Attorneys for the plaintiffs in the latest case say they have attempted to call Kelly to testify. But the city reportedly said he was too busy and offered recently retired chief Joseph Esposito instead. Esposito testified last month. The mayor has not been called.

That does not mean the city has not attempted to have his words heard in court. When New York state senator Eric Adams testified that Kelly once told him stop-and-frisk is intended to "instill fear" in black and Latino men, an attorney for the city attempted to read from a 2011 affidavit from the commissioner in which he apparently rejected Adams' claims. Judge Scheindlin would not allow it. "If he'd like to come here, he's welcome in this courtroom," Scheindlin said. "If he's not going to be here we're not going to have his statement."

Though their statements will not be read into the record, Kelly and Bloomberg have actively spoken on the issues that are at stake in the trial. The two regularly point to the efficacy of stop-and-frisk, arguing that it has been instrumental to New York City's historic drop in murders. Scheindlin, meanwhile, has repeatedly stated that the ongoing trial does not seek to determine how effective the practice is, but instead how constitutional it is.

The CCR's legal director, Baher Azmy, said Kelly and Bloomberg are seeking to make arguments in public that would not have been admissible in court. "It appears by their agitation and defensiveness that they feel a little bit worried," he said. "I don't think they would be this testy if they were confident about the results."
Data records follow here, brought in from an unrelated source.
lemma orbit_chain_step:
  assumes g: "permutation g" and u: "u \<in> orbit g x"
    and close: "u = (g ^^ (least_power g x - 1)) x \<Longrightarrow> (p ^^ least_power g x) y = y"
  shows "p (orbit_chain g x p y u) = orbit_chain g x p y (g u)"
proof -
  define L where "L = least_power g x"
  define d where "d = funpow_dist g x u"
  have d: "d < L" "(g ^^ d) x = u"
    using funpow_dist_less_least_power[OF g u] funpow_dist_prop[OF u] by (simp_all add: L_def d_def)
  have gu: "g u \<in> orbit g x"
    using u by (rule orbit.step)
  show ?thesis
  proof (cases "Suc d < L")
    case True
    then have "funpow_dist g x (g u) = Suc d"
      using funpow_dist_funpow[OF g, of "Suc d" x] d(2) by (simp add: L_def)
    then show ?thesis
      using u gu by (simp add: orbit_chain_def d_def)
  next
    case False
    then have d_last: "d = L - 1" using d(1) by simp
    then have "g u = x"
      using d least_power_of_permutation[OF g, of x] funpow_pred_apply[of L g x] by (simp add: L_def)
    then have "orbit_chain g x p y (g u) = y"
      using orbit_chain_start[OF g] by simp
    moreover have "p ((p ^^ (L - 1)) y) = y"
      using close d d_last least_power_of_permutation(2)[OF g, of x] funpow_pred_apply[of L p y]
      by (simp add: L_def)
    ultimately show ?thesis
      using u d_last by (simp add: orbit_chain_def d_def)
  qed
qed

lemma orbit_chain_unique:
  assumes g: "permutation g" and \<phi>: "\<phi> \<in> orbit g x \<rightarrow>\<^sub>E Y"
    and step: "\<And>j. j < least_power g x - 1 \<Longrightarrow> p (\<phi> ((g ^^ j) x)) = \<phi> ((g ^^ Suc j) x)"
  shows "orbit_chain g x p (\<phi> x) = \<phi>"
proof
  fix v
  show "orbit_chain g x p (\<phi> x) v = \<phi> v"
  proof (cases "v \<in> orbit g x")
    case True
    have "funpow_dist g x v < least_power g x"
      using funpow_dist_less_least_power[OF g True] .
    then have "\<phi> ((g ^^ funpow_dist g x v) x) = (p ^^ funpow_dist g x v) (\<phi> x)"
      using step by (intro funpow_chain_values) simp
    then show ?thesis
      using True funpow_dist_prop[OF True] by (simp add: orbit_chain_def)
  next
    case False
    then show ?thesis
      using PiE_arb[OF \<phi> False] by (simp add: orbit_chain_def)
  qed
qed

lemma chain_start_fixed:
  assumes g: "permutation g" and U: "\<And>j. j < least_power g x - 1 \<Longrightarrow> (g ^^ j) x \<in> U"
    and cons: "\<forall>u\<in>U. p (\<phi> u) = \<phi> (g u)" and last: "(g ^^ (least_power g x - 1)) x \<in> U"
  shows "(p ^^ least_power g x) (\<phi> x) = \<phi> x"
proof -
  define L where "L = least_power g x"
  have "(g ^^ j) x \<in> U" if "j < L" for j
  proof (cases "j < L - 1")
    case False
    then have "j = L - 1" using that by simp
    then show ?thesis using last by (simp add: L_def)
  qed (use U in \<open>simp add: L_def\<close>)
  then have "\<phi> ((g ^^ L) x) = (p ^^ L) (\<phi> x)"
    using cons by (intro funpow_chain_values) simp
  then show ?thesis
    using least_power_of_permutation(1)[OF g] by (simp add: L_def)
qed

text \<open>Such a function is determined by its value at x, and the constraint at the last vertex
  of the orbit, if it is imposed, makes that value a fixed point of p ^^ least_power g x.\<close>
lemma card_orbit_chain_funcs:
  assumes g: "permutation g" and pY: "p ` Y \<subseteq> Y"
    and U: "U \<subseteq> orbit g x" "\<And>j. j < least_power g x - 1 \<Longrightarrow> (g ^^ j) x \<in> U"
  shows "card {\<phi> \<in> orbit g x \<rightarrow>\<^sub>E Y. \<forall>u\<in>U. p (\<phi> u) = \<phi> (g u)}
    = card {y \<in> Y. (g ^^ (least_power g x - 1)) x \<in> U \<longrightarrow> (p ^^ least_power g x) y = y}"
proof -
  define L where "L = least_power g x"
  define A where "A = {\<phi> \<in> orbit g x \<rightarrow>\<^sub>E Y. \<forall>u\<in>U. p (\<phi> u) = \<phi> (g u)}"
  define T where "T = {y \<in> Y. (g ^^ (L - 1)) x \<in> U \<longrightarrow> (p ^^ L) y = y}"
  have "bij_betw (\<lambda>\<phi>. \<phi> x) A T"
  proof (rule bij_betw_byWitness[where f'="orbit_chain g x p"])
    show "\<forall>\<phi>\<in>A. orbit_chain g x p (\<phi> x) = \<phi>"
      using U(2) by (auto simp: A_def intro!: orbit_chain_unique[OF g])
    show "\<forall>y\<in>T. orbit_chain g x p y x = y"
      by (simp add: orbit_chain_start[OF g])
    show "(\<lambda>\<phi>. \<phi> x) ` A \<subseteq> T"
    proof clarify
      fix \<phi> assume "\<phi> \<in> A"
      then have \<phi>: "\<phi> \<in> orbit g x \<rightarrow>\<^sub>E Y" and cons: "\<forall>u\<in>U. p (\<phi> u) = \<phi> (g u)"
        by (simp_all add: A_def)
      have "(p ^^ L) (\<phi> x) = \<phi> x" if "(g ^^ (L - 1)) x \<in> U"
        using chain_start_fixed[OF g U(2) cons] that by (simp add: L_def)
      moreover have "\<phi> x \<in> Y"
        using \<phi> permutation_self_in_orbit[OF g] by blast
      ultimately show "\<phi> x \<in> T"
        by (simp add: T_def)
    qed
    show "orbit_chain g x p ` T \<subseteq> A"
    proof clarify
      fix y assume "y \<in> T"
      then have y: "y \<in> Y" and close: "(g ^^ (L - 1)) x \<in> U \<longrightarrow> (p ^^ L) y = y"
        by (simp_all add: T_def)
      have "p (orbit_chain g x p y u) = orbit_chain g x p y (g u)" if "u \<in> U" for u
        using that U(1) close by (intro orbit_chain_step[OF g]) (auto simp: L_def)
      then show "orbit_chain g x p y \<in> A"
        using orbit_chain_in_PiE[OF pY y] by (simp add: A_def)
    qed
  qed
  then show ?thesis
    unfolding A_def T_def L_def by (rule bij_betw_same_card)
qed

lemma card_orbit_cycle_funcs:
  assumes g: "permutation g" and pY: "p ` Y \<subseteq> Y"
  shows "card {\<phi> \<in> orbit g x \<rightarrow>\<^sub>E Y. \<forall>u\<in>orbit g x. p (\<phi> u) = \<phi> (g u)}
    = card {y \<in> Y. (p ^^ card (orbit g x)) y = y}"
proof -
  have "(g ^^ j) x \<in> orbit g x" for j
    by (simp add: orbit_altdef_permutation[OF g] exI[of _ j])
  then show ?thesis
    using card_orbit_chain_funcs[OF g pY subset_refl] by (simp add: card_orbit_eq_least_power[OF g])
qed

lemma card_orbit_path_funcs:
  assumes g: "permutation g" and pY: "p ` Y \<subseteq> Y" and t: "t \<in> orbit g x"
  shows "card {\<phi> \<in> orbit g x \<rightarrow>\<^sub>E Y. \<forall>u \<in> orbit g x - {t}. p (\<phi> u) = \<phi> (g u)} = card Y"
proof -
  have t_orbit: "orbit g t = orbit g x"
    using g t by (rule permutation_orbit_eq)
  have gt_orbit: "orbit g (g t) = orbit g x"
    using g orbit.step[OF t] by (rule permutation_orbit_eq)
  define L where "L = least_power g (g t)"
  have L: "L = least_power g t"
    using t_orbit gt_orbit card_orbit_eq_least_power[OF g] unfolding L_def by metis
  have last: "(g ^^ (L - 1)) (g t) = t"
    using least_power_of_permutation[OF g, of t] L funpow_pred_apply[of L g t]
    by (simp add: funpow_swap1)
  have "(g ^^ j) (g t) \<in> orbit g x - {t}" if j: "j < L - 1" for j
  proof -
    have "(g ^^ Suc j) t \<noteq> t"
    proof
      assume "(g ^^ Suc j) t = t"
      then have "least_power g t \<le> Suc j"
        by (rule least_power_le) simp
      with j L show False by simp
    qed
    then have "(g ^^ j) (g t) \<noteq> t"
      by (simp add: funpow_swap1)
    moreover have "(g ^^ j) (g t) \<in> orbit g t"
      by (rule funpow_in_orbit[OF orbit.base])
    ultimately show ?thesis
      using t_orbit by blast
  qed
  then have "card {\<phi> \<in> orbit g (g t) \<rightarrow>\<^sub>E Y. \<forall>u \<in> orbit g x - {t}. p (\<phi> u) = \<phi> (g u)}
      = card {y \<in> Y. (g ^^ (L - 1)) (g t) \<in> orbit g x - {t} \<longrightarrow> (p ^^ L) y = y}"
    unfolding L_def by (intro card_orbit_chain_funcs[OF g pY]) (use gt_orbit in auto)
  then show ?thesis
    using gt_orbit last by simp
qed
Stop-and-frisk is the most talked-about law enforcement issue of New York City's intensifying mayoral race, and Kelly has said he would like to see the candidates offer more concrete examples of how to better fight crime in the city. "We need something of substance," he told NY1. "How do you save that young man, that 16- or 17-year-old who's on the corner in the Bronx tonight, from being shot?"

As Kelly spoke that evening, his hypothetical example became a reality when 17-year-old Alphonza Bryant was shot and killed standing in front of a Bronx apartment building, just blocks from where his father was murdered 14 years earlier. Addressing a crowd of senior officers at NYPD headquarters on Tuesday, Bloomberg devoted a large portion of his fiery speech to Bryant's death, arguingt it did not matter to New York's civil liberties groups nor the city's largest newspaper.

"There was not even a mention of his murder in our paper of record, the New York Times," Bloomberg said. "All the news that's fit to print did not include the murder of a 17-year-old Alphonza Bryant. After his murder, there was no outrage from the Center for Constitutional Rights, or the NYCLU," he added.

The NYCLU – the New York Civil Liberties Union –  responded with a barrage of tweets directed at the mayor and a statement from executive director Donna Lieberman. "It's a lot easier to trash the NYCLU than to acknowledge the widespread dissatisfaction the community feels with an NYPD that acts like it's above the law and accountable to no one," it read. 

Eric E Sterling, president of the Criminal Justice Policy Foundation, and former counsel to the House of Representatives judiciary committee, said the fact that neither Bloomberg or Kelly are testifying is hardly a surprise. "It would draw enormous news attention to the lawsuit," he told the Guardian, adding that it would be viewed as a "tremendous political victory" for the plaintiffs, regardless of the ultimate outcome of the case. 

"It's not an uncommon litigation strategy … in the case of a suit against some kind of an institution or bureaucracy, to influence public opinion by making statements about the litigation," Sterling said. For Bloomberg and Kelly, he added, "this is all about politics".

He added: "It's very much the court of public opinion in which they are concerned". Sterling believes the mayor and the commissioner have chosen to challenge the case in the media, in part, because their chances of succeeding in court are slim. "The case against the police is so damning. The evidence, I believe, is quite overwhelming that there is an illegal and unconstitutional pattern of New York City police behavior in these stop-and-frisk cases."